One inevitable consequence of ‘widening the franchise’ in this way, allowing many more species to have a say in determining the overall community pattern, is that it will become increasingly harder to obtain 2-d ordinations with low stress: the view we have chosen to take of the community is inherently high-dimensional. This can be seen in Fig. 9.1, for the dosing experiment {D} in the Solbergstrand mesocosm (GEEP Oslo workshop), previously met in Figs. 4.2 and 5.6. Four levels of contaminant dosing (designated Control, Low, Medium, High) were each represented by four replicate samples of the resulting nematode communities, giving the MDS ordinations of Fig. 9.1. Note that as the severity of the transformation increases, through none, root, 4th root and presence/absence (Fig. 9.1a to 9.1d respectively), the stress values rise from 0.08 to 0.19.

Ch9fig9.1.png

Fig 9.1 Dosing experiment, Solbergstrand {D}. MDS of nematode communities in four replicates from each of four treatments (C = control, L = low, M = medium, H = high dose of a hydrocarbon/copper contaminant mixture dosed to mesocosm basins), based on Bray-Curtis similarities from transformed data: a) no transform (stress = 0.08), b) $\sqrt{}$ (stress = 0.14), c) $\sqrt{} \sqrt{}$ (stress = 0.18), d) presence/absence (stress = 0.19).
 

It is important to realise that this is not an argument for deciding against transformation of the data. Fig. 9.1a is not a better representation of the between-sample relationships than the other plots: it is a different one. The choice of transformation is determined by which aspects of the community we wish to study. If interest is in the response of the whole community then we have to accept that it may be more difficult to capture this in a low-dimensional picture (a 3-d or higher-dimensional MDS may be desirable). On the other hand, if the data are totally dominated by one or two species, and it is these that are of key biological interest, then of course it will be possible to visualise in a 1- or 2-d picture how their numbers (or biomass) vary between samples: in that case an ordination on untransformed data will be little different from a simple scatter plot of the counts for the two main species.

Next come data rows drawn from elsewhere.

lemma t_edge_common_link_not_subset:
  assumes "\<bar>m\<bar> < \<bar>n\<bar>" and "\<not> m dvd n"
    and u3: "u3 \<in> Lverts m n - {(True, aline m n g), (True, aline m n (g @ gpow GT 1))}"
  shows "\<not> lkL m n (True, aline m n g) \<inter> lkL m n (True, aline m n (g @ gpow GT 1)) \<subseteq> lkL m n u3"
proof
  assume sub: "lkL m n (True, aline m n g) \<inter> lkL m n (True, aline m n (g @ gpow GT 1)) \<subseteq> lkL m n u3"
  define L where "L i = (False, tline m n (g @ gpow GA (i * n)))" for i :: int
  have L_common: "L i \<in> lkL m n (True, aline m n g) \<inter> lkL m n (True, aline m n (g @ gpow GT 1))" for i
    unfolding L_def by (rule a_pow_n_tline_common_neighbour)
  show False
  proof (cases "fst u3")
    case False
    have "L 0 \<in> lkL m n u3"
      using L_common sub by blast
    then show False
      using lkL_fst_neq[of u3 m n "L 0"] u3 False by (simp add: L_def)
  next
    case True
    then obtain v where v: "u3 = (True, aline m n v)"
      using u3 by (auto simp: Lverts_def)
    have "L i \<in> lkL m n (True, aline m n v)" for i
      using L_common sub v by blast
    then have "\<exists>j. word_act m n g (a_act m n (i * n) (t_pow_nf j)) = coset_nf m n v" for i
      unfolding L_def tline_mem_lkL_aline_iff word_act_append_gpow_GA[OF is_nf_t_pow_nf] .
    then obtain j0 j1 where j0: "word_act m n g (t_pow_nf j0) = coset_nf m n v"
      and j1: "word_act m n g (a_act m n n (t_pow_nf j1)) = coset_nf m n v"
      using a_act_0[OF is_nf_t_pow_nf] by (metis mult_zero_left mult_1)
    then have "a_act m n n (t_pow_nf j1) = t_pow_nf j0"
      using word_act_inj is_nf_t_pow_nf is_nf_a_act by metis
    then have "j0 \<in> {0, 1}"
      by (rule a_act_n_t_pow_nf_eq_imp[OF m_nonzero assms(1,2)])
    then have "aline m n v = aline m n g \<or> aline m n v = aline m n (g @ gpow GT 1)"
      unfolding aline_eq_iff coset_nf_append_gpow_GT using j0 by auto
    then show False
      using u3 v by auto
  qed
qed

Though practical differences are likely to be negligible, on purely theoretical grounds it could be argued that the 4th root is the more satisfactory of the two transformations because Bray-Curtis similarity is then invariant to a scale change in y. Similarity values would be altered under a log(1+y) transformation if abundances were converted from absolute values to numbers per $m^2$ of the sampled substrate, or if biomass readings were converted from mg to g. This does not happen with a strict power transformation; it is clear from equation (2.1) that any multiplying constant applied to y will cancel on the top and bottom lines of the summations.